Skip past the first three minutes of this eight minute video -- a plot summary -- and the next minute and a half or so, as he points out the Catholic priests and brothers who are still revered, even by ardent secularists, as scientific pioneers -- and you'll get to the nub of his argument:
The sciences emerged and flourished in the context of the great Christian universities of the West. And this is not accidental. When you have a theological system, like Catholicism, that emphasizes the non-divinity of the world and the intelligibility of the world you have the preconditions for science.

Why? Because if the world is divine, if it is being worshiped as sacred, you're not going to experiment on it, but Christians who hold to creation know the world is not God and therefore can become the object of scientific investigation and experimentation.
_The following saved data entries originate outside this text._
lemma queue_growth_rate_eq:
  fixes x a s :: "nat \<Rightarrow> real" and R :: "nat \<Rightarrow> nat"
  assumes dynamics: "\<And>t. x (Suc t) = x t + a t - min (s t) (x t)"
    and x_nonneg: "\<And>t. 0 \<le> x t" and s_le: "\<And>t. s t \<le> smax"
    and "strict_mono R"
    and x_rate: "(\<lambda>t. x t / real t) \<longlonglongrightarrow> \<eta>"
    and a_rate: "(\<lambda>j. (\<Sum>t<R j. a t) / real (R j)) \<longlonglongrightarrow> \<rho>"
    and s_rate: "(\<lambda>j. (\<Sum>t<R j. s t) / real (R j)) \<longlonglongrightarrow> \<sigma>"
  shows "\<eta> = max 0 (\<rho> - \<sigma>)"
proof -
  have x_rate_R: "(\<lambda>j. x (R j) / real (R j)) \<longlonglongrightarrow> \<eta>"
    using LIMSEQ_subseq_LIMSEQ[OF x_rate \<open>strict_mono R\<close>] by (simp add: o_def)
  have inv_R: "(\<lambda>j. 1 / real (R j)) \<longlonglongrightarrow> 0"
    using LIMSEQ_subseq_LIMSEQ[OF lim_1_over_n \<open>strict_mono R\<close>] by (simp add: o_def)
  have "0 \<le> \<eta>"
    using x_rate x_nonneg by (intro LIMSEQ_le_const) auto
  have lower: "(\<Sum>t<T. a t - s t) \<le> x T" for T
  proof (induction T)
    case (Suc T)
    then show ?case using dynamics[of T] by (simp add: min_def)
  qed (simp add: x_nonneg)
  have "\<rho> - \<sigma> \<le> \<eta>"
  proof (rule tendsto_le[OF _ x_rate_R])
    show "(\<lambda>j. (\<Sum>t<R j. a t) / real (R j) - (\<Sum>t<R j. s t) / real (R j)) \<longlonglongrightarrow> \<rho> - \<sigma>"
      by (intro tendsto_intros a_rate s_rate)
    show "\<forall>\<^sub>F j in sequentially.
        (\<Sum>t<R j. a t) / real (R j) - (\<Sum>t<R j. s t) / real (R j) \<le> x (R j) / real (R j)"
      using lower by (intro always_eventually allI)
        (simp add: divide_right_mono flip: diff_divide_distrib sum_subtractf)
  qed simp
  moreover have "\<eta> \<le> \<rho> - \<sigma>" if "0 < \<eta>"
  proof -
    have "filterlim (\<lambda>t. x t / real t * real t) at_top sequentially"
      using x_rate \<open>0 < \<eta>\<close> filterlim_real_sequentially by (rule filterlim_tendsto_pos_mult_at_top)
    then have "\<forall>\<^sub>F t in sequentially. smax \<le> x t / real t * real t \<and> 0 < t"
      by (intro eventually_conj eventually_gt_at_top) (simp add: filterlim_at_top)
    then have "\<forall>\<^sub>F t in sequentially. smax \<le> x t"
      by eventually_elim (simp split: if_splits)
    then obtain T0 where T0: "\<And>t. T0 \<le> t \<Longrightarrow> smax \<le> x t"
      by (auto simp: eventually_sequentially)
    \<comment> \<open>From \<open>T0\<close> on the queue always holds at least the scheduled service, so it is exactly served.\<close>
    define c where "c = x T0 - (\<Sum>t<T0. a t - s t)"
    have exact: "x T = (\<Sum>t<T. a t - s t) + c" if "T0 \<le> T" for T
      using that
    proof (induction T rule: dec_induct)
      case (step T)
      then show ?case using T0[of T] s_le[of T] dynamics[of T] by (simp add: min_def)
    qed (simp add: c_def)
    have "(\<lambda>j. (\<Sum>t<R j. a t) / real (R j) - (\<Sum>t<R j. s t) / real (R j) + c * (1 / real (R j)))
        \<longlonglongrightarrow> \<rho> - \<sigma> + c * 0"
      by (intro tendsto_intros a_rate s_rate inv_R)
    moreover have "\<forall>\<^sub>F j in sequentially.
        (\<Sum>t<R j. a t) / real (R j) - (\<Sum>t<R j. s t) / real (R j) + c * (1 / real (R j))
          = x (R j) / real (R j)"
      using eventually_ge_at_top[of T0]
    proof eventually_elim
      case (elim j)
      then show ?case
        using exact[of "R j"] seq_suble[OF \<open>strict_mono R\<close>, of j]
        by (simp add: sum_subtractf add_divide_distrib diff_divide_distrib)
    qed
    ultimately have "(\<lambda>j. x (R j) / real (R j)) \<longlonglongrightarrow> \<rho> - \<sigma>"
      by (simp add: Lim_transform_eventually)
    with x_rate_R have "\<eta> = \<rho> - \<sigma>" by (rule LIMSEQ_unique)
    then show ?thesis by simp
  qed
  ultimately show ?thesis using \<open>0 \<le> \<eta>\<close> by (cases "\<eta> = 0") auto
qed

lemma maxweight_traj_exists:
  assumes "0 < N"
  shows "\<exists>Sch X. maxweight_traj S N D A Sch X"
proof -
  have "\<exists>n<N. \<forall>k<N. inner (S k) w \<le> inner (S n) w" for w
  proof -
    define f where "f k = inner (S k) w" for k
    have "Max (f ` {..<N}) \<in> f ` {..<N}"
      using assms by (intro Max_in) auto
    then obtain n where "n < N" "f n = Max (f ` {..<N})" by auto
    moreover have "f k \<le> Max (f ` {..<N})" if "k < N" for k
      using that by (intro Max_ge) auto
    ultimately show ?thesis unfolding f_def by auto
  qed
  then obtain best where best: "\<And>w. best w < N \<and> (\<forall>k<N. inner (S k) w \<le> inner (S (best w)) w)"
    by metis
  define X where "X = rec_nat 0 (\<lambda>t x. x + A t - (\<chi> q. min (S (best (D *v x)) $ q) (x $ q)))"
  define Sch where "Sch t = S (best (D *v X t))" for t
  have "maxweight_traj S N D A Sch X"
    unfolding maxweight_traj_def X_def Sch_def using best by auto
  then show ?thesis by blast
qed

lemma maxweight_eventually_optimal:
  fixes S :: "nat \<Rightarrow> real^'q" and D :: "real^'q^'q"
  assumes traj: "maxweight_traj S N D A Sch X"
    and rate: "(\<lambda>t. (1 / real t) *\<^sub>R X t) \<longlonglongrightarrow> \<eta>"
  shows "\<forall>\<^sub>F t in sequentially.
           \<exists>m<N. Sch t = S m \<and> (\<forall>k<N. inner (D *v \<eta>) (S k) \<le> inner (D *v \<eta>) (S m))"
proof -
  define v where "v = D *v \<eta>"
  have schedule: "\<And>t. \<exists>n<N. Sch t = S n"
    and maxweight: "\<And>t k. k < N \<Longrightarrow> inner (S k) (D *v X t) \<le> inner (Sch t) (D *v X t)"
    using traj unfolding maxweight_traj_def by blast+
  have weights: "(\<lambda>t. D *v ((1 / real t) *\<^sub>R X t)) \<longlonglongrightarrow> v"
    unfolding v_def using matrix_vector_mul_bounded_linear rate by (rule bounded_linear.tendsto)
  have "\<forall>\<^sub>F t in sequentially. \<forall>k\<in>{..<N}.
      (\<forall>j<N. inner v (S j) \<le> inner v (S k)) \<or> inner (S k) (D *v X t) < inner (Sch t) (D *v X t)"
  proof (rule eventually_ball_finite, simp, intro ballI)
    fix k assume "k \<in> {..<N}"
    show "\<forall>\<^sub>F t in sequentially.
        (\<forall>j<N. inner v (S j) \<le> inner v (S k)) \<or> inner (S k) (D *v X t) < inner (Sch t) (D *v X t)"
    proof (cases "\<forall>j<N. inner v (S j) \<le> inner v (S k)")
      case False
      then obtain m where "m < N" "0 < inner (S m - S k) v"
        by (auto simp: not_le inner_diff_left inner_diff_right inner_commute)
      moreover have "(\<lambda>t. inner (S m - S k) (D *v ((1 / real t) *\<^sub>R X t))) \<longlonglongrightarrow> inner (S m - S k) v"
        by (intro tendsto_intros weights)
      ultimately have "\<forall>\<^sub>F t in sequentially. 0 < inner (S m - S k) (D *v ((1 / real t) *\<^sub>R X t))"
        by (simp add: order_tendstoD(1))
      then show ?thesis
      proof eventually_elim
        case (elim t)
        then have "inner (S k) (D *v X t) < inner (S m) (D *v X t)"
          by (simp add: matrix_vector_mult_scaleR inner_diff_left zero_less_divide_iff)
        also have "\<dots> \<le> inner (Sch t) (D *v X t)" using maxweight \<open>m < N\<close> .
        finally show ?case by simp
      qed
    qed simp
  qed
  then show ?thesis
  proof eventually_elim
    case (elim t)
    obtain n where "n < N" "Sch t = S n" using schedule[of t] by blast
    with elim show ?case unfolding v_def by auto
  qed
qed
Second, if [the world] is created, it is endowed with intelligibility. It's been thought or spoken into being. And therefore scientists can go out confidently to meet the world. They expect to find an intelligible world.
If something is made, it can be understood. Belief in a specific Maker may not be required for understanding -- but neither is such a belief incompatible with understanding (c. 6:15):
The basic principle is this: All truth comes from God. God is One. And, therefore, there can't be a contradiction, finally, between the truth discoverable through Reason and the truth discoverable through Faith, properly articulated. And so the unity of God -- the unity of Creation -- gives rise to this ultimate compatibility between Faith and Science.
Of course, this doesn't satisfy the Creationists or other fundamentalists, Christian and otherwise. I would say to them, however, that dinosaur bones are not put in the ground to test or undermine your faith; they provide an opportunity for your faith to grow beyond what our remote ancestors in the Middle East were capable of understanding.

That does not have to lead us down the path of relativism... but that's a discussion for another day.